### What to work on
Please reproduce each of the following entries exactly.

### Records drawn from a dataset
——————

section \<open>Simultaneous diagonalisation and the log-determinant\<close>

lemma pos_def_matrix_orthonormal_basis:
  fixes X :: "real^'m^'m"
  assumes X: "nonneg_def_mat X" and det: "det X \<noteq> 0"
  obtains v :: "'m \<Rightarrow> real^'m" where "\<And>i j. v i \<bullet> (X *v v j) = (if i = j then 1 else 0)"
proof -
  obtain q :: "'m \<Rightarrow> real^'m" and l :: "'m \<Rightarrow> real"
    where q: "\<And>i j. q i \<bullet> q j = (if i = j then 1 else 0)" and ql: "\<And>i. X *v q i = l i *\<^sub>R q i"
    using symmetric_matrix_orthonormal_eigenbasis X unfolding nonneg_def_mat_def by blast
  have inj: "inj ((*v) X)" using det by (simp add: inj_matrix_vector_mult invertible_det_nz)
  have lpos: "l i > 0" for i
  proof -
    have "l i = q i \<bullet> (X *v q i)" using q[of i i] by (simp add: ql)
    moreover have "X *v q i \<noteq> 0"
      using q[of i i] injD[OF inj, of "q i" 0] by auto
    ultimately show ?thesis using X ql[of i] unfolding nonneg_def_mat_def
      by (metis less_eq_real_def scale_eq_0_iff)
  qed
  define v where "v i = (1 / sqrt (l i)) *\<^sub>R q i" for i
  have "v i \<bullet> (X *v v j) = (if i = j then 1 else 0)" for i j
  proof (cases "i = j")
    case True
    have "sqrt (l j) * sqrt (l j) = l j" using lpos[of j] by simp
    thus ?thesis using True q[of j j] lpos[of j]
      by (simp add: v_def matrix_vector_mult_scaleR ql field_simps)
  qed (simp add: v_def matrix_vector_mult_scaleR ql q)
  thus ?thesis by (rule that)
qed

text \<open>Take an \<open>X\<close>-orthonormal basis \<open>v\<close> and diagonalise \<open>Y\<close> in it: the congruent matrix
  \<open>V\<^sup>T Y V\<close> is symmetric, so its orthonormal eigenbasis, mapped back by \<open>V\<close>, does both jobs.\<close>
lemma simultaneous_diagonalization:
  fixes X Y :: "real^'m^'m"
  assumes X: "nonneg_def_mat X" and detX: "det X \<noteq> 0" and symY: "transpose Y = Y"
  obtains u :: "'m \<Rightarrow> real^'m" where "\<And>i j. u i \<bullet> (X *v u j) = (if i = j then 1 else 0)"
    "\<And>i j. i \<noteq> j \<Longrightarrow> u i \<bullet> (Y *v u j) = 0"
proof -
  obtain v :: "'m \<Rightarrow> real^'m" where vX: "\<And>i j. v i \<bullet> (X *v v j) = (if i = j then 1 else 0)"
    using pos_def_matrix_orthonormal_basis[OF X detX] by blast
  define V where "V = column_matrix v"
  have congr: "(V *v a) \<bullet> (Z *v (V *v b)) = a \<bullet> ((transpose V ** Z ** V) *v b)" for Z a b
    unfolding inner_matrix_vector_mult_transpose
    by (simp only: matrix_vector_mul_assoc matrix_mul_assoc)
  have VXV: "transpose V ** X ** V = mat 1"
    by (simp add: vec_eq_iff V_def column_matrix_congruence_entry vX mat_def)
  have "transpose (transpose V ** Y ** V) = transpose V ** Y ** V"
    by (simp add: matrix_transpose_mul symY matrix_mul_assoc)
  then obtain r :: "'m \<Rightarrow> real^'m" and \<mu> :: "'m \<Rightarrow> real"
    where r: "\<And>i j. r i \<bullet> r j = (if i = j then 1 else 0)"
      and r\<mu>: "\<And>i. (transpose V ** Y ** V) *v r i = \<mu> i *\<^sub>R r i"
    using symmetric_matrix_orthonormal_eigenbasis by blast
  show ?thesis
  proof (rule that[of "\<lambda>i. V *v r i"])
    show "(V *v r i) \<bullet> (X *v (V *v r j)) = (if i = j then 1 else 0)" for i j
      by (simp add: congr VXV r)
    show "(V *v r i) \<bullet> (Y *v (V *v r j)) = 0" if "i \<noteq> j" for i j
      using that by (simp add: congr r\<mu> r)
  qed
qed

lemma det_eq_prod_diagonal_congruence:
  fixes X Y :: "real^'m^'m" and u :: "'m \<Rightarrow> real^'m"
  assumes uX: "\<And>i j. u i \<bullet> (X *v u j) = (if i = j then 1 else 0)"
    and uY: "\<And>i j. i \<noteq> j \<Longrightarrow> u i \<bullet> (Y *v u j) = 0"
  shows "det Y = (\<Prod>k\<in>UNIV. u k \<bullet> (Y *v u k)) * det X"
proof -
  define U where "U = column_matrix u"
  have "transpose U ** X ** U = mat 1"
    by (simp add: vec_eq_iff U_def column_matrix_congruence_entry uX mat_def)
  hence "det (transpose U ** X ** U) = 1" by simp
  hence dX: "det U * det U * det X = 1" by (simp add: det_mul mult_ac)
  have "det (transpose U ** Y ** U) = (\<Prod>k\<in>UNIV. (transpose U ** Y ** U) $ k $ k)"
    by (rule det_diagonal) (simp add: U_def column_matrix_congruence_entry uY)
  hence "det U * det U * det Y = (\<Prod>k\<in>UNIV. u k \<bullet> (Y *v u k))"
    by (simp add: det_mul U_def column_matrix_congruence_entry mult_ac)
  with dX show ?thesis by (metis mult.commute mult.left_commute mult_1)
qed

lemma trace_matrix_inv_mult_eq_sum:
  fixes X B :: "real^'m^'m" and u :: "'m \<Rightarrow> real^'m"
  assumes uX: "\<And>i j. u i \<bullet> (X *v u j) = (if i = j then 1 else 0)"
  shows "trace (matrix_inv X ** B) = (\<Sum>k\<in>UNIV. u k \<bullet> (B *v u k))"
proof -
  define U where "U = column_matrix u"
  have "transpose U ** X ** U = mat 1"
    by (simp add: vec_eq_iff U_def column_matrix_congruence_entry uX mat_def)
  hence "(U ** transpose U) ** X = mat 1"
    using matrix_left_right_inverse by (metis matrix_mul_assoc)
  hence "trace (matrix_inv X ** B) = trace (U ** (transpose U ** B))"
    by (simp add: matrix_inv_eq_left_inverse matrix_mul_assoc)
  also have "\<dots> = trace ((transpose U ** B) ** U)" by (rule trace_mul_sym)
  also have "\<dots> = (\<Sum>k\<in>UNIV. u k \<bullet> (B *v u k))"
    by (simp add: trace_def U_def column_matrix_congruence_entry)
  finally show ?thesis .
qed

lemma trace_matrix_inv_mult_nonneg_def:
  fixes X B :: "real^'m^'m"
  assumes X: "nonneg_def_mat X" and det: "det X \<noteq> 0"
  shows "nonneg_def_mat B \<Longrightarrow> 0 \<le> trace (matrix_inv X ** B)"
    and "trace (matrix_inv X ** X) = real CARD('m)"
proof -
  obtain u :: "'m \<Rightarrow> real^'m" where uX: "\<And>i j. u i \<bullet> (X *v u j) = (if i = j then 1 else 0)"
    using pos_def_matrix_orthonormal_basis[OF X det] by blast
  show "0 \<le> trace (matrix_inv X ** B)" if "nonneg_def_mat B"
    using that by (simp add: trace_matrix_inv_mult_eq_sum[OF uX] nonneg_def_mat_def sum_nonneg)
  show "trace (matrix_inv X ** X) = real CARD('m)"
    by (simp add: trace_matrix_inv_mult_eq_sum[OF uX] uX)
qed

——————

### The answer
section \<open>Simultaneous diagonalisation and the log-determinant\<close>

lemma pos_def_matrix_orthonormal_basis:
  fixes X :: "real^'m^'m"
  assumes X: "nonneg_def_mat X" and det: "det X \<noteq> 0"
  obtains v :: "'m \<Rightarrow> real^'m" where "\<And>i j. v i \<bullet> (X *v v j) = (if i = j then 1 else 0)"
proof -
  obtain q :: "'m \<Rightarrow> real^'m" and l :: "'m \<Rightarrow> real"
    where q: "\<And>i j. q i \<bullet> q j = (if i = j then 1 else 0)" and ql: "\<And>i. X *v q i = l i *\<^sub>R q i"
    using symmetric_matrix_orthonormal_eigenbasis X unfolding nonneg_def_mat_def by blast
  have inj: "inj ((*v) X)" using det by (simp add: inj_matrix_vector_mult invertible_det_nz)
  have lpos: "l i > 0" for i
  proof -
    have "l i = q i \<bullet> (X *v q i)" using q[of i i] by (simp add: ql)
    moreover have "X *v q i \<noteq> 0"
      using q[of i i] injD[OF inj, of "q i" 0] by auto
    ultimately show ?thesis using X ql[of i] unfolding nonneg_def_mat_def
      by (metis less_eq_real_def scale_eq_0_iff)
  qed
  define v where "v i = (1 / sqrt (l i)) *\<^sub>R q i" for i
  have "v i \<bullet> (X *v v j) = (if i = j then 1 else 0)" for i j
  proof (cases "i = j")
    case True
    have "sqrt (l j) * sqrt (l j) = l j" using lpos[of j] by simp
    thus ?thesis using True q[of j j] lpos[of j]
      by (simp add: v_def matrix_vector_mult_scaleR ql field_simps)
  qed (simp add: v_def matrix_vector_mult_scaleR ql q)
  thus ?thesis by (rule that)
qed

text \<open>Take an \<open>X\<close>-orthonormal basis \<open>v\<close> and diagonalise \<open>Y\<close> in it: the congruent matrix
  \<open>V\<^sup>T Y V\<close> is symmetric, so its orthonormal eigenbasis, mapped back by \<open>V\<close>, does both jobs.\<close>
lemma simultaneous_diagonalization:
  fixes X Y :: "real^'m^'m"
  assumes X: "nonneg_def_mat X" and detX: "det X \<noteq> 0" and symY: "transpose Y = Y"
  obtains u :: "'m \<Rightarrow> real^'m" where "\<And>i j. u i \<bullet> (X *v u j) = (if i = j then 1 else 0)"
    "\<And>i j. i \<noteq> j \<Longrightarrow> u i \<bullet> (Y *v u j) = 0"
proof -
  obtain v :: "'m \<Rightarrow> real^'m" where vX: "\<And>i j. v i \<bullet> (X *v v j) = (if i = j then 1 else 0)"
    using pos_def_matrix_orthonormal_basis[OF X detX] by blast
  define V where "V = column_matrix v"
  have congr: "(V *v a) \<bullet> (Z *v (V *v b)) = a \<bullet> ((transpose V ** Z ** V) *v b)" for Z a b
    unfolding inner_matrix_vector_mult_transpose
    by (simp only: matrix_vector_mul_assoc matrix_mul_assoc)
  have VXV: "transpose V ** X ** V = mat 1"
    by (simp add: vec_eq_iff V_def column_matrix_congruence_entry vX mat_def)
  have "transpose (transpose V ** Y ** V) = transpose V ** Y ** V"
    by (simp add: matrix_transpose_mul symY matrix_mul_assoc)
  then obtain r :: "'m \<Rightarrow> real^'m" and \<mu> :: "'m \<Rightarrow> real"
    where r: "\<And>i j. r i \<bullet> r j = (if i = j then 1 else 0)"
      and r\<mu>: "\<And>i. (transpose V ** Y ** V) *v r i = \<mu> i *\<^sub>R r i"
    using symmetric_matrix_orthonormal_eigenbasis by blast
  show ?thesis
  proof (rule that[of "\<lambda>i. V *v r i"])
    show "(V *v r i) \<bullet> (X *v (V *v r j)) = (if i = j then 1 else 0)" for i j
      by (simp add: congr VXV r)
    show "(V *v r i) \<bullet> (Y *v (V *v r j)) = 0" if "i \<noteq> j" for i j
      using that by (simp add: congr r\<mu> r)
  qed
qed

lemma det_eq_prod_diagonal_congruence:
  fixes X Y :: "real^'m^'m" and u :: "'m \<Rightarrow> real^'m"
  assumes uX: "\<And>i j. u i \<bullet> (X *v u j) = (if i = j then 1 else 0)"
    and uY: "\<And>i j. i \<noteq> j \<Longrightarrow> u i \<bullet> (Y *v u j) = 0"
  shows "det Y = (\<Prod>k\<in>UNIV. u k \<bullet> (Y *v u k)) * det X"
proof -
  define U where "U = column_matrix u"
  have "transpose U ** X ** U = mat 1"
    by (simp add: vec_eq_iff U_def column_matrix_congruence_entry uX mat_def)
  hence "det (transpose U ** X ** U) = 1" by simp
  hence dX: "det U * det U * det X = 1" by (simp add: det_mul mult_ac)
  have "det (transpose U ** Y ** U) = (\<Prod>k\<in>UNIV. (transpose U ** Y ** U) $ k $ k)"
    by (rule det_diagonal) (simp add: U_def column_matrix_congruence_entry uY)
  hence "det U * det U * det Y = (\<Prod>k\<in>UNIV. u k \<bullet> (Y *v u k))"
    by (simp add: det_mul U_def column_matrix_congruence_entry mult_ac)
  with dX show ?thesis by (metis mult.commute mult.left_commute mult_1)
qed

lemma trace_matrix_inv_mult_eq_sum:
  fixes X B :: "real^'m^'m" and u :: "'m \<Rightarrow> real^'m"
  assumes uX: "\<And>i j. u i \<bullet> (X *v u j) = (if i = j then 1 else 0)"
  shows "trace (matrix_inv X ** B) = (\<Sum>k\<in>UNIV. u k \<bullet> (B *v u k))"
proof -
  define U where "U = column_matrix u"
  have "transpose U ** X ** U = mat 1"
    by (simp add: vec_eq_iff U_def column_matrix_congruence_entry uX mat_def)
  hence "(U ** transpose U) ** X = mat 1"
    using matrix_left_right_inverse by (metis matrix_mul_assoc)
  hence "trace (matrix_inv X ** B) = trace (U ** (transpose U ** B))"
    by (simp add: matrix_inv_eq_left_inverse matrix_mul_assoc)
  also have "\<dots> = trace ((transpose U ** B) ** U)" by (rule trace_mul_sym)
  also have "\<dots> = (\<Sum>k\<in>UNIV. u k \<bullet> (B *v u k))"
    by (simp add: trace_def U_def column_matrix_congruence_entry)
  finally show ?thesis .
qed

lemma trace_matrix_inv_mult_nonneg_def:
  fixes X B :: "real^'m^'m"
  assumes X: "nonneg_def_mat X" and det: "det X \<noteq> 0"
  shows "nonneg_def_mat B \<Longrightarrow> 0 \<le> trace (matrix_inv X ** B)"
    and "trace (matrix_inv X ** X) = real CARD('m)"
proof -
  obtain u :: "'m \<Rightarrow> real^'m" where uX: "\<And>i j. u i \<bullet> (X *v u j) = (if i = j then 1 else 0)"
    using pos_def_matrix_orthonormal_basis[OF X det] by blast
  show "0 \<le> trace (matrix_inv X ** B)" if "nonneg_def_mat B"
    using that by (simp add: trace_matrix_inv_mult_eq_sum[OF uX] nonneg_def_mat_def sum_nonneg)
  show "trace (matrix_inv X ** X) = real CARD('m)"
    by (simp add: trace_matrix_inv_mult_eq_sum[OF uX] uX)
qed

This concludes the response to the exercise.